• Description of the task: Your answer should hold each line of the material that contains the word "rule".

-=-=-=-=-

(* Let $n\ge 2$ and let $\Delta^o(SD_{8n})$ be the order super commuting graph of the semidihedral group $SD_{8n}$. Then the Sombor spectrum of $\Delta^o(SD_{8n})$ consists of $-(8n-1)\sqrt2$ with multiplicity $8n-1$ and $(8n-1)^2\sqrt2$ with multiplicity $1$.
   Context: For a finite simple graph $\Gamma$ with vertices $u_1,\dots,u_N$, the Sombor matrix $S(\Gamma)$ has $(i,j)$ entry $\sqrt{\deg(u_i)^2+\deg(u_j)^2}$ if $u_i,u_j$ are adjacent and $0$ otherwise; the Sombor spectrum is the multiset of its eigenvalues. $SD_{8n}=\langle a,b: a^{4n}=b^2=e,\ ba=a^{2n-1}b\rangle$. The order super commuting graph $\Delta^o(G)$ has vertex set $G$, and distinct $g,h$ are adjacent iff $o(g)=o(h)$ or there exist distinct $g',h'\in G$ with $o(g')=o(g)$, $o(h')=o(h)$ and $g'h'=h'g'$; here $o(x)$ is the order of $x$. *)

theory Defs
  imports "HOL-Algebra.Multiplicative_Group" "Jordan_Normal_Form.Char_Poly"
    "HOL-Computational_Algebra.Polynomial"
begin

text \<open>Concrete model of the semidihedral group
  SD_{8n} = <a, b | a^{4n} = b^2 = e, b a = a^{2n-1} b>.
  The pair (i, j) with i < 4n, j < 2 represents a^i b^j.
  Since b a^k = a^{k(2n-1)} b, we have
  (a^i b^j)(a^k b^l) = a^{i + k (2n-1)^j} b^{j+l}.\<close>

definition SD :: "nat \<Rightarrow> (nat \<times> nat) monoid" where
  "SD n = \<lparr> carrier = {(i, j). i < 4 * n \<and> j < 2},
            monoid.mult = (\<lambda>(i, j) (k, l). ((i + k * (2 * n - 1) ^ j) mod (4 * n), (j + l) mod 2)),
            monoid.one = (0, 0) \<rparr>"

definition order_super_commuting_adj :: "('a, 'b) monoid_scheme \<Rightarrow> 'a \<Rightarrow> 'a \<Rightarrow> bool" where
  "order_super_commuting_adj G g h \<longleftrightarrow>
     g \<in> carrier G \<and> h \<in> carrier G \<and> g \<noteq> h \<and>
     (group.ord G g = group.ord G h \<or>
      (\<exists>g' \<in> carrier G. \<exists>h' \<in> carrier G. g' \<noteq> h' \<and>
         group.ord G g' = group.ord G g \<and> group.ord G h' = group.ord G h \<and>
         g' \<otimes>\<^bsub>G\<^esub> h' = h' \<otimes>\<^bsub>G\<^esub> g'))"

definition graph_degree :: "'a set \<Rightarrow> ('a \<Rightarrow> 'a \<Rightarrow> bool) \<Rightarrow> 'a \<Rightarrow> nat" where
  "graph_degree V E u = card {v \<in> V. E u v}"

definition sombor_matrix :: "'a set \<Rightarrow> ('a \<Rightarrow> 'a \<Rightarrow> bool) \<Rightarrow> 'a list \<Rightarrow> real mat" where
  "sombor_matrix V E vs = mat (length vs) (length vs) (\<lambda>(i, j).
     if E (vs ! i) (vs ! j)
     then sqrt (real (graph_degree V E (vs ! i)) ^ 2 + real (graph_degree V E (vs ! j)) ^ 2)
     else 0)"

definition sombor_spectrum :: "'a set \<Rightarrow> ('a \<Rightarrow> 'a \<Rightarrow> bool) \<Rightarrow> 'a list \<Rightarrow> real multiset" where
  "sombor_spectrum V E vs = proots (char_poly (sombor_matrix V E vs))"

end

theory Submission
  imports Defs
begin

text \<open>Every element of SD_8n has the same order as some power of a: a reflection a^i b
  squares to the central element a^(2ni), so it has order 2 or 4, and both divide 4n = ord a.
  As \<langle>a\<rangle> is abelian, any two vertices of different orders have commuting representatives of
  those orders, so the order super commuting graph is the complete graph on 8n vertices. Its
  Sombor matrix is (8n - 1) \<surd>2 (J - I), and the spectrum follows from
  det (a I + b J) = (a + m b) a^(m - 1) for m \<times> m matrices.\<close>

lemma SD_mult [simp]:
  "(i, j) \<otimes>\<^bsub>SD n\<^esub> (k, l) = ((i + k * (2 * n - 1) ^ j) mod (4 * n), (j + l) mod 2)"
  by (simp add: SD_def)

lemma SD_one [simp]: "\<one>\<^bsub>SD n\<^esub> = (0, 0)"
  by (simp add: SD_def)

lemma carrier_SD: "carrier (SD n) = {..<4 * n} \<times> {..<2}"
  by (auto simp: SD_def)

lemma SD_twist_pow_mod:
  fixes n e :: nat
  assumes "n \<ge> 1"
  shows "(2 * n - 1) ^ e mod (4 * n) = (2 * n - 1) ^ (e mod 2) mod (4 * n)"
proof -
  define c where "c = 2 * n - 1"
  have "c ^ 2 = (n - 1) * (4 * n) + 1"
    using assms unfolding c_def by (cases n) (simp_all add: power2_eq_square algebra_simps)
  then have "c ^ 2 mod (4 * n) = 1 mod (4 * n)"
    by (simp only: mod_mult_self3)
  also have "\<dots> = 1"
    using assms by simp
  finally have "c ^ 2 mod (4 * n) = 1" .
  then have "(c ^ 2) ^ (e div 2) mod (4 * n) = 1"
    using assms by (simp add: power_mod[symmetric, of "c ^ 2"])
  moreover have "c ^ e = (c ^ 2) ^ (e div 2) * c ^ (e mod 2)"
    by (metis mult_div_mod_eq power_add power_mult)
  ultimately have "c ^ e mod (4 * n) = c ^ (e mod 2) mod (4 * n)"
    by (metis mod_mult_left_eq mult_1)
  then show ?thesis
    unfolding c_def .
qed

lemma SD_mult_assoc:
  assumes "n \<ge> 1"
  shows "(i, j) \<otimes>\<^bsub>SD n\<^esub> (k, l) \<otimes>\<^bsub>SD n\<^esub> (p, q) = (i, j) \<otimes>\<^bsub>SD n\<^esub> ((k, l) \<otimes>\<^bsub>SD n\<^esub> (p, q))"
proof -
  define c where "c = 2 * n - 1"
  have mult: "(a, b) \<otimes>\<^bsub>SD n\<^esub> (a', b') = ((a + a' * c ^ b) mod (4 * n), (b + b') mod 2)"
    for a b a' b'
    by (simp add: c_def)
  have "p * c ^ ((j + l) mod 2) mod (4 * n) = p * c ^ (j + l) mod (4 * n)"
    unfolding c_def by (metis SD_twist_pow_mod[OF assms] mod_mult_right_eq)
  then have L: "((i + k * c ^ j) mod (4 * n) + p * c ^ ((j + l) mod 2)) mod (4 * n)
      = (i + k * c ^ j + p * c ^ (j + l)) mod (4 * n)"
    by (metis mod_add_left_eq mod_add_right_eq)
  have "(i + ((k + p * c ^ l) mod (4 * n)) * c ^ j) mod (4 * n)
      = (i + (k + p * c ^ l) * c ^ j) mod (4 * n)"
    by (metis mod_add_right_eq mod_mult_left_eq)
  also have "(k + p * c ^ l) * c ^ j = k * c ^ j + p * c ^ (j + l)"
    by (simp add: algebra_simps power_add)
  finally have R: "(i + ((k + p * c ^ l) mod (4 * n)) * c ^ j) mod (4 * n)
      = (i + k * c ^ j + p * c ^ (j + l)) mod (4 * n)"
    by (simp add: add.assoc)
  have "((j + l) mod 2 + q) mod 2 = (j + (l + q) mod 2) mod 2"
    by presburger
  then show ?thesis
    unfolding mult by (simp only: L R)
qed

lemma group_SD:
  assumes "n \<ge> 1"
  shows "group (SD n)"
proof (rule groupI)
  fix x y z
  assume "x \<in> carrier (SD n)" "y \<in> carrier (SD n)" "z \<in> carrier (SD n)"
  then obtain i j k l p q where "x = (i, j)" "y = (k, l)" "z = (p, q)"
    by (auto simp: SD_def)
  then show "x \<otimes>\<^bsub>SD n\<^esub> y \<otimes>\<^bsub>SD n\<^esub> z = x \<otimes>\<^bsub>SD n\<^esub> (y \<otimes>\<^bsub>SD n\<^esub> z)"
    by (simp only: SD_mult_assoc[OF assms])
next
  fix x
  assume "x \<in> carrier (SD n)"
  then obtain i j where x: "x = (i, j)" "j < 2"
    by (auto simp: SD_def)
  \<comment> \<open>the inverse of a^i b^j is a^(-i (2n - 1)^j) b^j, with 4n - 1 standing for -1\<close>
  let ?y = "(i * (4 * n - 1) * (2 * n - 1) ^ j mod (4 * n), j)"
  have "i * (4 * n - 1) * (2 * n - 1) ^ j + i * (2 * n - 1) ^ j = 4 * n * (i * (2 * n - 1) ^ j)"
    using assms by (simp add: algebra_simps diff_mult_distrib2)
  then have "?y \<otimes>\<^bsub>SD n\<^esub> x = \<one>\<^bsub>SD n\<^esub>"
    using x by (simp add: mod_simps)
  moreover have "?y \<in> carrier (SD n)"
    using x assms by (simp add: SD_def)
  ultimately show "\<exists>y\<in>carrier (SD n). y \<otimes>\<^bsub>SD n\<^esub> x = \<one>\<^bsub>SD n\<^esub>"
    by blast
qed (use assms in \<open>auto simp: SD_def\<close>)

lemma SD_rotation_pow: "(r, 0) [^]\<^bsub>SD n\<^esub> (k :: nat) = (k * r mod (4 * n), 0)"
  by (induction k) (simp_all add: mod_simps add.commute)

lemma snd_SD_mult: "snd (x \<otimes>\<^bsub>SD n\<^esub> y) = (snd x + snd y) mod 2"
  by (simp add: SD_def case_prod_beta)

lemma snd_SD_pow: "snd (x [^]\<^bsub>SD n\<^esub> (k :: nat)) = k * snd x mod 2"
  by (induction k) (simp_all add: snd_SD_mult mod_simps add.commute)

lemma SD_reflection_square:
  assumes "n \<ge> 1" and "i < 4 * n"
  shows "(i, 1) [^]\<^bsub>SD n\<^esub> (2 :: nat) = (2 * n * i mod (4 * n), 0)"
proof -
  have "i + i * (2 * n - 1) = 2 * n * i"
    using assms(1) by (simp add: algebra_simps diff_mult_distrib2)
  then show ?thesis
    using assms(2) by (simp add: numeral_2_eq_2 mod_simps)
qed

lemma SD_rotation_pow_eq_one:
  "(r, 0) [^]\<^bsub>SD n\<^esub> (k :: nat) = \<one>\<^bsub>SD n\<^esub> \<longleftrightarrow> 4 * n dvd k * r"
  by (simp add: SD_rotation_pow dvd_eq_mod_eq_0)

lemma ord_SD_rotation:
  assumes "n \<ge> 1" and "d dvd 4 * n" and "d > 1"
  shows "group.ord (SD n) (4 * n div d, 0) = d"
proof -
  interpret SD: group "SD n"
    using group_SD[OF assms(1)] .
  obtain e where e: "4 * n = d * e"
    using assms(2) by (rule dvdE)
  have "d * e \<noteq> 0"
    using assms(1) by (simp add: e[symmetric])
  then have "d \<noteq> 0" and "e \<noteq> 0"
    by auto
  then have "4 * n div d = e"
    by (simp add: e)
  with \<open>e \<noteq> 0\<close> have "(4 * n div d, 0) [^]\<^bsub>SD n\<^esub> k = \<one>\<^bsub>SD n\<^esub> \<longleftrightarrow> d dvd k" for k :: nat
    unfolding SD_rotation_pow_eq_one e by (simp add: mult.commute[of k])
  moreover have "(4 * n div d, 0) \<in> carrier (SD n)"
    using assms by (simp add: carrier_SD div_less_dividend)
  ultimately show ?thesis
    by (simp add: SD.ord_unique)
qed

lemma SD_reflection_pow_eq_one:
  assumes "n \<ge> 1" and "i < 4 * n"
  shows "(i, 1) [^]\<^bsub>SD n\<^esub> (k :: nat) = \<one>\<^bsub>SD n\<^esub> \<longleftrightarrow> even k \<and> even (k div 2 * i)"
proof (cases "even k")
  case True
  interpret SD: group "SD n"
    using group_SD[OF assms(1)] .
  have "(i, 1) [^]\<^bsub>SD n\<^esub> k = ((i, 1) [^]\<^bsub>SD n\<^esub> (2 :: nat)) [^]\<^bsub>SD n\<^esub> (k div 2)"
    using True assms by (simp add: SD.nat_pow_pow carrier_SD)
  also have "\<dots> = (k div 2 * (2 * n * i) mod (4 * n), 0)"
    by (simp only: SD_reflection_square[OF assms]) (simp add: SD_rotation_pow mod_simps)
  finally have "(i, 1) [^]\<^bsub>SD n\<^esub> k = \<one>\<^bsub>SD n\<^esub> \<longleftrightarrow> 4 * n dvd k div 2 * (2 * n * i)"
    by (simp only: SD_one prod.inject dvd_eq_mod_eq_0 simp_thms)
  also have "\<dots> \<longleftrightarrow> 2 * n * 2 dvd 2 * n * (k div 2 * i)"
    by (simp add: algebra_simps)
  also have "\<dots> \<longleftrightarrow> even (k div 2 * i)"
    using assms(1) by (simp only: nat_mult_dvd_cancel1)
  finally show ?thesis
    using True by simp
next
  case False
  then have "snd ((i, 1) [^]\<^bsub>SD n\<^esub> k) \<noteq> 0"
    by (simp add: snd_SD_pow odd_iff_mod_2_eq_one)
  then show ?thesis
    using False by auto
qed

lemma ord_SD_reflection:
  assumes "n \<ge> 1" and "i < 4 * n"
  shows "group.ord (SD n) (i, 1) = (if even i then 2 else 4)"
proof -
  interpret SD: group "SD n"
    using group_SD[OF assms(1)] .
  have "(i, 1) [^]\<^bsub>SD n\<^esub> k = \<one>\<^bsub>SD n\<^esub> \<longleftrightarrow> (if even i then 2 else 4) dvd k"
    for k :: nat
    unfolding SD_reflection_pow_eq_one[OF assms]
    by (cases "even i") (auto elim!: evenE)
  moreover have "(i, 1) \<in> carrier (SD n)"
    using assms by (simp add: carrier_SD)
  ultimately show ?thesis
    by (simp add: SD.ord_unique)
qed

-=-=-=-=-

• Your solution:
proof (rule groupI)
    using assms(2) by (rule dvdE)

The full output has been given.